There is a drawback with serialization with json because you need to know what model parameter you need to write out to disc. We can perform seralization of simple linear regreesion with json because the coefficient and the interceprt are the only model parameters we need to save. If you are working with more complex models such as decision trees and Support Vector Michines you might have to go with other serialization technique such as Pickle and joblib.

Pickle module implement protocols for serializing and deserializing python objects to a bytestream.

In [28]:
import pickle

In [29]:
# Serialization
pickle.dump(model, open('models/model.pkl', 'wb'))

In [30]:
# Deserialization
pickle_model = pickle.load(open('models/model.pkl', 'rb'))

In [31]:
# Prediction
y_pred = pickle_model.predict(x_test)
y_pred

array([ 6863.62855482, 21566.20178414, 11408.97411649,  5985.98770385,
        9468.94096303, 14340.78835904,  7739.29658797, 36655.82084638,
        7445.25467913,  9627.28951173,  4008.7947898 , 10375.29411098,
        7545.67645761,  9352.85961158, 16602.53073294,  6731.29361765,
        1950.47008273,  5267.3968403 , 34028.        ,  4606.80719846,
        9722.77675454,  9126.86254149,  6212.50208146, 20744.80630235,
        5110.82639683,  9768.54984982, 18391.5718596 ,  9763.09574787,
        5829.37005383,  6210.3225186 , 33559.77312113, 16233.83973568,
       13185.51774306, 18033.56617963, 28845.24591507, 10063.65792034,
       10522.65415119, 10586.04337225, 14003.72864568,  6257.37536935,
       15416.73855962])

In [32]:
# Pickle model test score
r2_score(y_test, y_pred)

0.8163709811361523

In [33]:
# Initial test score
Testing_score

0.8163709811361523

Another alternative to pickle is joblib module. This is a better fit for serializing scikit-learn models as it works more efficiently with objects that have large numpy arrays internally.
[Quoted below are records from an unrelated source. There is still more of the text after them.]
lemma L_lin_comb: "c \<in> A \<Longrightarrow> d \<in> A \<Longrightarrow> x \<in> L \<Longrightarrow> y \<in> L \<Longrightarrow> \<phi> c * x + \<phi> d * y \<in> L"
  by (intro module_span.add module_span_smult[OF subring])

lemma s2_power_Suc_in_L:
  assumes "b < p" shows "s2 ^ Suc b \<in> L"
proof (cases "Suc b < p")
  case True
  then show ?thesis using L_base[of 0 "Suc b"] p_gt_1 by simp
next
  case False
  then have "Suc b = p" using assms by simp
  then have "s2 ^ Suc b = \<phi> c12 * s1 + \<phi> c22 * s2" using s2_power by simp
  then show ?thesis using L_lin_comb coeffs generators_in_L by simp
qed

lemma s1_mult_monomial_in_L:
  assumes a: "a < p" and b: "b < p"
  shows "s1 * (s1 ^ a * s2 ^ b) \<in> L"
proof (cases "Suc a < p")
  case True
  then show ?thesis using L_base[OF True b] by (simp add: mult.assoc)
next
  case False
  then have "Suc a = p" using a by simp
  have "s1 * (s1 ^ a * s2 ^ b) = s1 ^ Suc a * s2 ^ b" by (simp add: mult.assoc)
  also have "\<dots> = (\<phi> c11 * s1 + \<phi> c21 * s2) * s2 ^ b"
    using s1_power \<open>Suc a = p\<close> by simp
  also have "\<dots> = \<phi> c11 * (s1 ^ 1 * s2 ^ b) + \<phi> c21 * s2 ^ Suc b"
    by (simp add: distrib_right mult.assoc)
  finally show ?thesis
    using L_lin_comb coeffs L_base[OF _ b, of 1] p_gt_1 s2_power_Suc_in_L[OF b] by simp
qed

lemma s1_mult_in_L: "x \<in> L \<Longrightarrow> s1 * x \<in> L"
proof (rule module_span_mult_left[OF subring])
  fix g assume "g \<in> monomials s1 s2"
  then obtain a b where "a < p" "b < p" "g = s1 ^ a * s2 ^ b" unfolding monomials_def by auto
  then show "s1 * g \<in> L" using s1_mult_monomial_in_L by simp
qed
lemma unit_is_alpha_power:
  assumes w: "coprime w (p ^ n)"
  obtains i where "[w = \<alpha> ^ i] (mod p ^ n)"
proof -
  have "w mod p ^ n \<in> totatives (p ^ n)"
  proof -
    have "w mod p ^ n \<noteq> 0"
    proof
      assume "w mod p ^ n = 0"
      hence "p ^ n dvd w" by (simp add: mod_eq_0_iff_dvd)
      hence "is_unit (p ^ n)" using w coprime_absorb_right by blast
      hence "p ^ n = 1" by (simp only: nat_dvd_1_iff_1)
      thus False using order_gt_1 by linarith
    qed
    moreover have "coprime (w mod p ^ n) (p ^ n)"
      using coprime_mod_left_iff[of "p ^ n" w] w order_gt_1 by linarith
    moreover have "w mod p ^ n \<le> p ^ n"
      using order_gt_1 by (intro less_imp_le mod_less_divisor) linarith
    ultimately show ?thesis unfolding in_totatives_iff by blast
  qed
  then obtain i where "w mod p ^ n = \<alpha> ^ i mod p ^ n"
    using residue_primroot_is_generator[OF order_gt_1 primroot] unfolding bij_betw_def by auto
  thus ?thesis using that unfolding cong_def by blast
qed

lemma layer_alpha_transitive:
  assumes "x \<in> layer k" and "y \<in> layer k"
  obtains i where "y = \<alpha> ^ i * x mod p ^ n"
proof -
  obtain w where w: "coprime w (p ^ n)" "y = w * x mod p ^ n"
    using layer_transitive[OF assms] by blast
  obtain i where "[w = \<alpha> ^ i] (mod p ^ n)" using unit_is_alpha_power[OF w(1)] by blast
  hence "y = \<alpha> ^ i * x mod p ^ n" using w(2) unfolding cong_def by (metis mod_mult_left_eq)
  thus ?thesis using that by blast
qed
(* Let $\mathbb{T}_S$ be a spherically symmetric tree with origin $\mathcal{O}$, and consider the cone percolation process on $\mathbb{T}_S$ with radius of influence $R$, law $\mathbb{P}$ and survival event $V$. For $n\ge1$ let $$\rho_n=\prod_{k=0}^{n-1}\Big[1-\prod_{i=0}^{k}\mathbb{P}(R<i+1)\Big].$$ If $\lim_{n\to\infty}\sqrt[n]{\rho_n} > e^{-\dim\inf\partial\mathbb{T}_S}$, then $\mathbb{P}(V)>0$.
   Context: Cone percolation process: Let $\mathbb{T}$ be a tree with origin $\mathcal{O}$ and graph distance $d(\cdot,\cdot)$. Write $u\le v$ if $u$ lies on the path from $\mathcal{O}$ to $v$. Let $R$ be a random variable with values in $\{0,1,2,\dots\}$, $p_k=\mathbb{P}(R=k)$, and assume $p_0\in(0,1)$. Let $\{R_v\}$ be i.i.d. copies of $R$ indexed by the vertices. For each vertex $u$ let $B_u=\{v: u\le v,\ d(u,v)\le R_u\}$. Set $I_0=\{\mathcal{O}\}$, $I_{n+1}=\bigcup_{u\in I_n}B_u$, $I=\bigcup_n I_n$; survival is the event $V=\{|I|=\infty\}$. A tree is spherically symmetric if any two vertices at the same distance from $\mathcal{O}$ have the same degree. For a vertex $u$ and $n\ge1$, $M_n(u)=|\{v: u\le v,\ d(v,\mathcal{O})=d(u,\mathcal{O})+n\}|$, and $\dim\inf\partial\mathbb{T}:=\lim_{n\to\infty}\min_{v}\frac1n\ln M_n(v)$, the minimum being over all vertices $v$ (the limits in the statement are assumed to exist). *)

theory Defs
  imports "HOL-Probability.Probability"
begin

text \<open>A spherically symmetric (locally finite) tree is determined, up to isomorphism,
by the number c k of children of each vertex at distance k from the origin.
Vertices are the paths from the origin: lists xs with xs!i < c i; the origin is [].\<close>

definition ss_verts :: "(nat \<Rightarrow> nat) \<Rightarrow> nat list set" where
  "ss_verts c = {xs. \<forall>i<length xs. xs ! i < c i}"

text \<open>u \<le> v iff u lies on the path from the origin to v, i.e. u is a prefix of v;
the graph distance between comparable vertices is the difference of lengths.\<close>

definition tree_le :: "nat list \<Rightarrow> nat list \<Rightarrow> bool" where
  "tree_le u v \<longleftrightarrow> (\<exists>w. v = u @ w)"
lemma abs_add_mult_le_weighted:
  fixes s t p q e :: real
  assumes "\<bar>s\<bar> \<le> e" "\<bar>t\<bar> \<le> e" "0 \<le> p" "0 \<le> q"
  shows "\<bar>s * p + t * q\<bar> \<le> e * (p + q)"
proof -
  have "\<bar>s * p + t * q\<bar> \<le> \<bar>s\<bar> * p + \<bar>t\<bar> * q"
    using abs_triangle_ineq[of "s * p" "t * q"] assms(3,4) by (simp add: abs_mult)
  also have "\<dots> \<le> e * p + e * q"
    using assms by (intro add_mono mult_right_mono) auto
  finally show ?thesis by (simp add: algebra_simps)
qed

lemma abs_add_mult_le_double:
  fixes s t p q C e :: real
  assumes "\<bar>s\<bar> \<le> C" "\<bar>t\<bar> \<le> C" "\<bar>p\<bar> \<le> e" "\<bar>q\<bar> \<le> e"
  shows "\<bar>s * p + t * q\<bar> \<le> 2 * C * e"
proof -
  have "0 \<le> C" using assms(1) abs_ge_zero[of s] by linarith
  have "\<bar>s * p + t * q\<bar> \<le> \<bar>s\<bar> * \<bar>p\<bar> + \<bar>t\<bar> * \<bar>q\<bar>"
    by (metis abs_mult abs_triangle_ineq)
  also have "\<dots> \<le> C * e + C * e"
    using assms \<open>0 \<le> C\<close> by (intro add_mono mult_mono) auto
  finally show ?thesis by simp
qed

lemma diff_INF_le:
  fixes f :: "'a \<Rightarrow> real"
  assumes "\<And>z. f a - f z \<le> B"
  shows "f a - (INF z. f z) \<le> B"
proof -
  have "f a - B \<le> (INF z. f z)"
    by (rule cINF_greatest) (use assms in \<open>auto simp: algebra_simps\<close>)
  then show ?thesis by linarith
qed

section \<open>The building blocks Psi and Phi\<close>

definition dPsi :: "real \<Rightarrow> real" where
  "dPsi u = 2 * max u 0 * exp (- (u^2))"

definition dPhi :: "real \<Rightarrow> real" where
  "dPhi v = 4 / (1 + v^2)"

lemma Psi_bounds: "0 \<le> Psi u" "Psi u \<le> 1"
  unfolding Psi_def by auto

lemma dPsi_bounds: "0 \<le> dPsi u" "dPsi u \<le> 1"
proof -
  have "2 * max u 0 \<le> 1 + u^2"
    using two_abs_le_one_plus_sq[of u] by (auto simp: max_def split: if_splits)
  then have "2 * max u 0 \<le> exp (u^2)"
    using one_plus_sq_le_exp_sq[of u] by linarith
  then show "dPsi u \<le> 1" by (simp add: dPsi_def exp_minus field_simps)
qed (simp add: dPsi_def)

lemma Phi_bounds: "0 < Phi v" "Phi v < 4 * pi"
  using arctan_bounded[of v] unfolding Phi_def by auto

lemma Phi_minus_add: "Phi (- v) + Phi v = 4 * pi"
  unfolding Phi_def by (simp add: arctan_minus)

lemma dPhi_bounds: "0 < dPhi v" "dPhi v \<le> 4"
  unfolding dPhi_def by (auto simp: field_simps add_pos_nonneg)

lemma abs_max_0_diff_le: "\<bar>max u 0 - max v 0\<bar> \<le> \<bar>u - v\<bar>" for u v :: real
  by (simp add: max_def abs_if)

lemma abs_Psi_diff_le: "\<bar>Psi u - Psi v\<bar> \<le> \<bar>u - v\<bar>"
proof -
  define F :: "real \<Rightarrow> real" where "F u = 1 - exp (- (u^2))" for u
  have "Psi w = F (max w 0)" for w
    by (simp add: Psi_def F_def max_def)
  then have "\<bar>Psi u - Psi v\<bar> = \<bar>F (max u 0) - F (max v 0)\<bar>"
    by simp
  also have "\<dots> \<le> 1 * \<bar>max u 0 - max v 0\<bar>"
  proof (rule abs_diff_le_of_deriv_bound)
    show "(F has_real_derivative 2 * x * exp (- (x^2))) (at x)" for x
      unfolding F_def by (auto intro!: derivative_eq_intros)
    show "\<bar>2 * x * exp (- (x^2))\<bar> \<le> 1" for x :: real
      using dPsi_bounds[of "\<bar>x\<bar>"] by (simp add: dPsi_def abs_mult)
  qed
  also have "\<dots> \<le> \<bar>u - v\<bar>"
    using abs_max_0_diff_le[of u v] by simp
  finally show ?thesis .
qed

lemma abs_dPsi_diff_le: "\<bar>dPsi u - dPsi v\<bar> \<le> 4 * \<bar>u - v\<bar>"
proof -
  define g :: "real \<Rightarrow> real" where "g u = 2 * u * exp (- (u^2))" for u
  have "dPsi w = g (max w 0)" for w
    by (simp add: dPsi_def g_def max_def)
  then have "\<bar>dPsi u - dPsi v\<bar> = \<bar>g (max u 0) - g (max v 0)\<bar>"
    by simp
  also have "\<dots> \<le> 4 * \<bar>max u 0 - max v 0\<bar>"
  proof (rule abs_diff_le_of_deriv_bound)
    show "(g has_real_derivative (2 - 4 * x^2) * exp (- (x^2))) (at x)" for x
      unfolding g_def by (auto intro!: derivative_eq_intros simp: power2_eq_square algebra_simps)
    show "\<bar>(2 - 4 * x^2) * exp (- (x^2))\<bar> \<le> 4" for x :: real
    proof -
      have "\<bar>2 - 4 * x^2\<bar> \<le> 4 * (1 + x^2)" by (simp add: abs_le_iff)
      also have "\<dots> \<le> 4 * exp (x^2)" using mult_left_mono[OF one_plus_sq_le_exp_sq[of x], of 4] by simp
      finally show ?thesis by (simp add: abs_mult exp_minus field_simps)
    qed
  qed
  also have "\<dots> \<le> 4 * \<bar>u - v\<bar>"
    using abs_max_0_diff_le[of u v] by simp
  finally show ?thesis .
qed

lemma DERIV_Phi: "(Phi has_real_derivative dPhi v) (at v)"
  unfolding Phi_def dPhi_def by (auto intro!: derivative_eq_intros simp: field_simps)

lemma abs_Phi_diff_le: "\<bar>Phi u - Phi v\<bar> \<le> 4 * \<bar>u - v\<bar>"
  by (rule abs_diff_le_of_deriv_bound[OF DERIV_Phi]) (use dPhi_bounds in \<open>simp add: less_imp_le\<close>)

lemma abs_dPhi_diff_le: "\<bar>dPhi u - dPhi v\<bar> \<le> 4 * \<bar>u - v\<bar>"
proof (rule abs_diff_le_of_deriv_bound)
  fix x :: real
  have pos: "0 < 1 + x^2" by (simp add: add_pos_nonneg)
  show "(dPhi has_real_derivative - 8 * x / (1 + x^2)^2) (at x)"
    unfolding dPhi_def using pos
    by (auto intro!: derivative_eq_intros simp: field_simps power2_eq_square)
  have "2 * \<bar>x\<bar> \<le> 1 + x^2" by (rule two_abs_le_one_plus_sq)
  also have "\<dots> \<le> (1 + x^2)^2" using pos by (simp add: power2_eq_square)
  finally show "\<bar>- 8 * x / (1 + x^2)^2\<bar> \<le> 4"
    using pos by (simp add: abs_mult abs_divide pos_divide_le_eq)
qed

lemma DERIV_Psi: "(Psi has_real_derivative dPsi u) (at u)"
proof (cases u "0::real" rule: linorder_cases)
  case less
  have "((\<lambda>_. 0) has_real_derivative dPsi u) (at u)"
    using less by (simp add: dPsi_def)
  then show ?thesis
    by (rule has_field_derivative_transform_within_open[where S = "{..<0}"])
      (use less in \<open>auto simp: Psi_def\<close>)
next
  case greater
  have "((\<lambda>u. 1 - exp (- (u^2))) has_real_derivative dPsi u) (at u)"
    using greater by (auto intro!: derivative_eq_intros simp: dPsi_def)
  then show ?thesis
    by (rule has_field_derivative_transform_within_open[where S = "{0<..}"])
      (use greater in \<open>auto simp: Psi_def\<close>)
next
  case equal
  text \<open>\<open>0 \<le> Psi y \<le> y\<^sup>2\<close> squeezes the difference quotient at \<open>0\<close>.\<close>
  have quotient: "\<bar>(Psi y - Psi 0) / (y - 0)\<bar> \<le> \<bar>y\<bar>" for y
  proof -
    have "\<bar>Psi y\<bar> \<le> \<bar>y\<bar> * \<bar>y\<bar>"
      using exp_ge_add_one_self[of "- (y^2)"] by (auto simp: Psi_def power2_eq_square)
    then show ?thesis
      by (cases "y = 0") (simp_all add: abs_divide pos_divide_le_eq Psi_def[of 0])
  qed
  have "((\<lambda>y. (Psi y - Psi 0) / (y - 0)) \<longlongrightarrow> 0) (at 0)"
    by (rule Lim_null_comparison[where g = abs, OF always_eventually])
      (use quotient in \<open>simp_all add: tendsto_rabs_zero_iff\<close>)
  then show ?thesis
    using equal by (simp add: has_field_derivative_iff dPsi_def)
qed

lemmas has_derivative_Psi [derivative_intros] = DERIV_Psi [THEN DERIV_compose_FDERIV]
lemmas has_derivative_Phi [derivative_intros] = DERIV_Phi [THEN DERIV_compose_FDERIV]
lemmas has_derivative_vec_nth [derivative_intros] =
  bounded_linear.has_derivative [OF bounded_linear_vec_nth]

section \<open>Links over disjoint pairs of coordinates\<close>

definition link :: "real \<Rightarrow> real \<Rightarrow> real" where
  "link a b = Psi (- a) * Phi (- b) - Psi a * Phi b"

definition link_da :: "real \<Rightarrow> real \<Rightarrow> real" where
  "link_da a b = - dPsi (- a) * Phi (- b) - dPsi a * Phi b"

definition link_db :: "real \<Rightarrow> real \<Rightarrow> real" where
  "link_db a b = - Psi (- a) * dPhi (- b) - Psi a * dPhi b"

lemma phi_eq_link: "j \<noteq> 1 \<Longrightarrow> phi z j = link (z $ idx (j - 1)) (z $ idx j)"
  by (simp add: phi_def link_def crd_def)

lemma phi_1: "phi z (Suc 0) = - Psi 1 * Phi (z $ idx 1)"
  by (simp add: phi_def crd_def)

text \<open>In the \<open>a\<close>-direction the weights \<open>Phi (-b)\<close> and \<open>Phi b\<close> are summed exactly via
  \<open>Phi (-b) + Phi b = 4 pi\<close>; the cruder bound \<open>2 \<cdot> 4 pi\<close> would spoil the constants.\<close>

lemma abs_link_diff_le: "\<bar>link a b - link a' b'\<bar> \<le> 4 * pi * (\<bar>a - a'\<bar> + \<bar>b - b'\<bar>)"
proof -
  have Psi: "\<bar>Psi (- a) - Psi (- a')\<bar> \<le> \<bar>a - a'\<bar>" "\<bar>Psi a' - Psi a\<bar> \<le> \<bar>a - a'\<bar>"
    using abs_Psi_diff_le[of "- a" "- a'"] abs_Psi_diff_le[of a' a] by (simp_all add: abs_minus_commute)
  have Phi: "\<bar>Phi (- b) - Phi (- b')\<bar> \<le> 4 * \<bar>b - b'\<bar>" "\<bar>Phi b' - Phi b\<bar> \<le> 4 * \<bar>b - b'\<bar>"
    using abs_Phi_diff_le[of "- b" "- b'"] abs_Phi_diff_le[of b' b] by (simp_all add: abs_minus_commute)
  have "\<bar>link a b - link a' b\<bar> = \<bar>(Psi (- a) - Psi (- a')) * Phi (- b) + (Psi a' - Psi a) * Phi b\<bar>"
    by (rule arg_cong[where f = abs]) (simp add: link_def algebra_simps)
  also have "\<dots> \<le> \<bar>a - a'\<bar> * (Phi (- b) + Phi b)"
    by (rule abs_add_mult_le_weighted) (use Psi Phi_bounds in \<open>auto intro: less_imp_le\<close>)
  finally have A: "\<bar>link a b - link a' b\<bar> \<le> 4 * pi * \<bar>a - a'\<bar>"
    by (simp add: Phi_minus_add mult_ac)
  have "\<bar>link a' b - link a' b'\<bar> = \<bar>Psi (- a') * (Phi (- b) - Phi (- b')) + Psi a' * (Phi b' - Phi b)\<bar>"
    by (rule arg_cong[where f = abs]) (simp add: link_def algebra_simps)
  also have "\<dots> \<le> 2 * 1 * (4 * \<bar>b - b'\<bar>)"
    by (rule abs_add_mult_le_double) (use Phi Psi_bounds in auto)
  also have "\<dots> = 8 * \<bar>b - b'\<bar>"
    by simp
  also have "\<dots> \<le> 4 * pi * \<bar>b - b'\<bar>"
    using pi_gt3 by (intro mult_right_mono) auto
  finally show ?thesis
    using A by (simp add: algebra_simps)
qed
text \<open>Characteristics (gamma_d, gamma_b, Pm). Pi is a sigma-finite Borel measure on
  R^2 concentrated on the event space (i.e. a measure on Z extended by zero).\<close>
definition characteristic :: "real \<Rightarrow> real \<Rightarrow> (real \<times> real) measure \<Rightarrow> bool" where
  "characteristic gd gb Pm \<longleftrightarrow>
     0 \<le> gd \<and> 0 \<le> gb \<and>
     sets Pm = sets (borel :: (real \<times> real) measure) \<and>
     emeasure Pm (UNIV - event_space) = 0 \<and>
     sigma_finite_measure Pm \<and>
     integrable Pm fst \<and> integrable Pm snd \<and>
     gd + (\<integral>z. fst z \<partial>Pm) = gb + (\<integral>z. snd z \<partial>Pm)"

definition C2c :: "(real \<Rightarrow> real) \<Rightarrow> bool" where
  "C2c f \<longleftrightarrow> (\<forall>x. f differentiable (at x)) \<and> (\<forall>x. deriv f differentiable (at x)) \<and>
     continuous_on UNIV (deriv (deriv f)) \<and> compact (closure {x. f x \<noteq> 0})"

definition generator :: "real \<Rightarrow> real \<Rightarrow> (real \<times> real) measure \<Rightarrow> (real \<Rightarrow> real) \<Rightarrow> real \<Rightarrow> real" where
  "generator gd gb Pm f N =
     (gb - gd * N) * deriv f N + (\<integral>z. f ((1 - fst z) * N + snd z) - f N \<partial>Pm)"

definition natural_filtration :: "'a measure \<Rightarrow> (real \<Rightarrow> 'a \<Rightarrow> real) \<Rightarrow> real \<Rightarrow> 'a measure" where
  "natural_filtration M X t =
     sigma (space M) {X s -` B \<inter> space M | s B. 0 \<le> s \<and> s \<le> t \<and> B \<in> sets (borel :: real measure)}"

definition is_martingale :: "'a measure \<Rightarrow> (real \<Rightarrow> 'a measure) \<Rightarrow> (real \<Rightarrow> 'a \<Rightarrow> real) \<Rightarrow> bool" where
  "is_martingale M F X \<longleftrightarrow>
     (\<forall>t\<ge>0. integrable M (X t) \<and> X t \<in> borel_measurable (F t)) \<and>
     (\<forall>s t. 0 \<le> s \<and> s \<le> t \<longrightarrow> (AE \<omega> in M. real_cond_exp M (F s) (X t) \<omega> = X s \<omega>))"

definition cadlag_paths :: "'a measure \<Rightarrow> (real \<Rightarrow> 'a \<Rightarrow> real) \<Rightarrow> bool" where
  "cadlag_paths M X \<longleftrightarrow>
     (\<forall>\<omega>\<in>space M. \<forall>t\<ge>0. continuous (at_right t) (\<lambda>s. X s \<omega>) \<and>
        (0 < t \<longrightarrow> (\<exists>l. ((\<lambda>s. X s \<omega>) \<longlongrightarrow> l) (at_left t))))"

text \<open>N is a population size process with characteristic (gd, gb, Pm) on the probability
  space M: a cadlag solution of the martingale problem for the generator above.\<close>
definition population_process ::
  "real \<Rightarrow> real \<Rightarrow> (real \<times> real) measure \<Rightarrow> 'a measure \<Rightarrow> (real \<Rightarrow> 'a \<Rightarrow> real) \<Rightarrow> bool" where
  "population_process gd gb Pm M N \<longleftrightarrow>
     prob_space M \<and>
     (\<forall>t\<ge>0. N t \<in> borel_measurable M) \<and>
     cadlag_paths M N \<and>
     (\<forall>f. C2c f \<longrightarrow>
        is_martingale M (natural_filtration M N)
          (\<lambda>t \<omega>. f (N t \<omega>) - f (N 0 \<omega>) - (LINT s:{0..t}|lborel. generator gd gb Pm f (N s \<omega>))))"

end

theory Submission
  imports Defs
begin

text \<open>Apply the martingale problem to a \<open>C\<^sup>2\<close> test function \<open>f\<close> that vanishes on \<open>[0, R/2]\<close> and
  equals \<open>1\<close> outside \<open>(-\<delta>, R)\<close>. On \<open>[0, \<infinity>)\<close> the drift \<open>-\<gamma>\<^sub>d N\<close> and the jumps \<open>N \<mapsto> (1 - z\<^sub>d) N\<close> only
  move \<open>N\<close> towards \<open>0\<close>, where \<open>f\<close> does not increase, so \<open>L f \<le> (4/R) (\<gamma>\<^sub>b + \<integral> z\<^sub>b d\<Pi>) \<le> 4C/R\<close>
  uniformly in \<open>\<alpha>\<close>. Hence \<open>f(N\<^sub>t) - 4Ct/R\<close> is a supermartingale, and Ville's maximal inequality
  along a dyadic grid of \<open>[0, T]\<close> bounds the probability of seeing \<open>N\<close> outside \<open>(-\<delta>, R)\<close> at a grid
  time by \<open>E f(N\<^sub>0) + 4CT/R\<close>. Tightness of \<open>N\<^sub>0\<close> and a large \<open>R\<close> make both terms small uniformly
  in \<open>\<alpha>\<close>, and right continuity of the paths lets the grids, with \<open>\<delta> = 1/(n+1) \<rightarrow> 0\<close>, detect every
  exit from \<open>[0, R]\<close> during \<open>[0, T]\<close>.\<close>

section \<open>A smooth step function\<close>

lemma has_real_derivative_glue:
  fixes f g h :: "real \<Rightarrow> real"
  assumes g: "(g has_real_derivative D) (at x)" and h: "(h has_real_derivative D) (at x)"
    and left: "\<forall>\<^sub>F y in at_left x. f y = g y" and right: "\<forall>\<^sub>F y in at_right x. f y = h y"
    and "f x = g x" "f x = h x"
  shows "(f has_real_derivative D) (at x)"
proof -
  have "((\<lambda>y. (g y - g x) / (y - x)) \<longlongrightarrow> D) (at_left x)"
    using g unfolding has_field_derivative_iff by (rule tendsto_mono[rotated]) (simp add: at_le)
  then have l: "((\<lambda>y. (f y - f x) / (y - x)) \<longlongrightarrow> D) (at_left x)"
    by (rule Lim_transform_eventually) (use left assms(5) in \<open>auto elim: eventually_mono\<close>)
  have "((\<lambda>y. (h y - h x) / (y - x)) \<longlongrightarrow> D) (at_right x)"
    using h unfolding has_field_derivative_iff by (rule tendsto_mono[rotated]) (simp add: at_le)
  then have r: "((\<lambda>y. (f y - f x) / (y - x)) \<longlongrightarrow> D) (at_right x)"
    by (rule Lim_transform_eventually) (use right assms(6) in \<open>auto elim: eventually_mono\<close>)
  show ?thesis unfolding has_field_derivative_iff using l r filterlim_at_split by blast
qed
lemma mix_loss_eq_potential_diff:
  assumes K: "1 \<le> K" and t: "1 \<le> t" and eta: "0 < eta"
  shows "mix_loss l K eta t = hedge_potential l K eta t - hedge_potential l K eta (t - 1)"
proof (cases eta)
  case (real x)
  then have x: "0 < x" using eta by simp
  obtain s where ts: "t = Suc s" using t by (cases t) auto
  define D where "D = (\<Sum>j<K. exp (- x * cumL l s j))"
  define N where "N = (\<Sum>j<K. exp (- x * cumL l t j))"
  have D: "0 < D" unfolding D_def using K by (intro sum_pos) (auto simp: lessThan_empty_iff)
  have N: "0 < N" unfolding N_def using K by (intro sum_pos) (auto simp: lessThan_empty_iff)
  have "(\<Sum>k<K. exp_weights l K eta t k * exp (- x * l t k)) = (\<Sum>k<K. exp (- x * cumL l t k) / D)"
    by (rule sum.cong)
      (auto simp: real exp_weights_def D_def ts cumL_Suc exp_add[symmetric] algebra_simps)
  also have "\<dots> = N / D" by (simp add: N_def sum_divide_distrib)
  finally have "(\<Sum>k<K. exp_weights l K eta t k * exp (- x * l t k)) = N / D" .
  then have "mix_loss l K eta t = - (1 / x) * ln (N / D)" by (simp add: mix_loss_def real)
  also have "\<dots> = (ln (real K) - ln N) / x - (ln (real K) - ln D) / x"
    using D N x by (simp add: ln_div field_simps)
  finally show ?thesis unfolding hedge_potential_def using real by (simp add: N_def D_def ts)
qed (use eta in \<open>auto simp: mix_loss_def hedge_potential_def\<close>)

context
  fixes l :: "nat \<Rightarrow> nat \<Rightarrow> real" and K t :: nat and x :: real
  assumes K: "1 \<le> K" and x: "0 < x"
begin

lemma Lstar_le_potential: "Lstar l K t \<le> hedge_potential l K (ereal x) t"
proof -
  define B where "B = (\<Sum>k<K. exp (- x * cumL l t k))"
  have "B \<le> (\<Sum>k<K. exp (- x * Lstar l K t))"
    unfolding B_def using x by (intro sum_mono) (auto intro: Lstar_le)
  then have "B \<le> real K * exp (- x * Lstar l K t)" by simp
  moreover have "0 < B" unfolding B_def using K by (intro sum_pos) (auto simp: lessThan_empty_iff)
  ultimately have "ln B \<le> ln (real K * exp (- x * Lstar l K t))" by (subst ln_le_cancel_iff) auto
  also have "\<dots> = ln (real K) - x * Lstar l K t" using K by (simp add: ln_mult)
  finally show ?thesis unfolding hedge_potential_def B_def using x by (simp add: field_simps)
qed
Machine learning models often hold model parameters in the form of sparse vectors this is why joblib is the preferred option to serialize models out to disc.

In [34]:
import joblib

In [35]:
filename = 'models/model.joblib'

In [36]:
# Serialization
joblib.dump(model, filename)

['models/model.joblib']

In [37]:
# Deserialization
joblib_model = joblib.load(filename)

In [38]:
# Predicting
y_pred = joblib_model.predict(x_test)
y_pred

array([ 6863.62855482, 21566.20178414, 11408.97411649,  5985.98770385,
        9468.94096303, 14340.78835904,  7739.29658797, 36655.82084638,
        7445.25467913,  9627.28951173,  4008.7947898 , 10375.29411098,
        7545.67645761,  9352.85961158, 16602.53073294,  6731.29361765,
        1950.47008273,  5267.3968403 , 34028.        ,  4606.80719846,
        9722.77675454,  9126.86254149,  6212.50208146, 20744.80630235,
        5110.82639683,  9768.54984982, 18391.5718596 ,  9763.09574787,
        5829.37005383,  6210.3225186 , 33559.77312113, 16233.83973568,
       13185.51774306, 18033.56617963, 28845.24591507, 10063.65792034,
       10522.65415119, 10586.04337225, 14003.72864568,  6257.37536935,
       15416.73855962])

In [39]:
# Joblib model test score
r2_score(y_test, y_pred)

0.8163709811361523

In [40]:
# Initial test score
Testing_score

0.8163709811361523

In [41]:
!ls models

model.joblib
model.pkl
regressor_param.txt


The above files are the serialized model that was saved to disc. All model test scores are consistent with the initial test score (81%). This shows the serialized model works. The joblib serialization is the most preferred because it can hold model parameters in the form of sparse vectors, as well as you do not need to know the model parameters to serialize.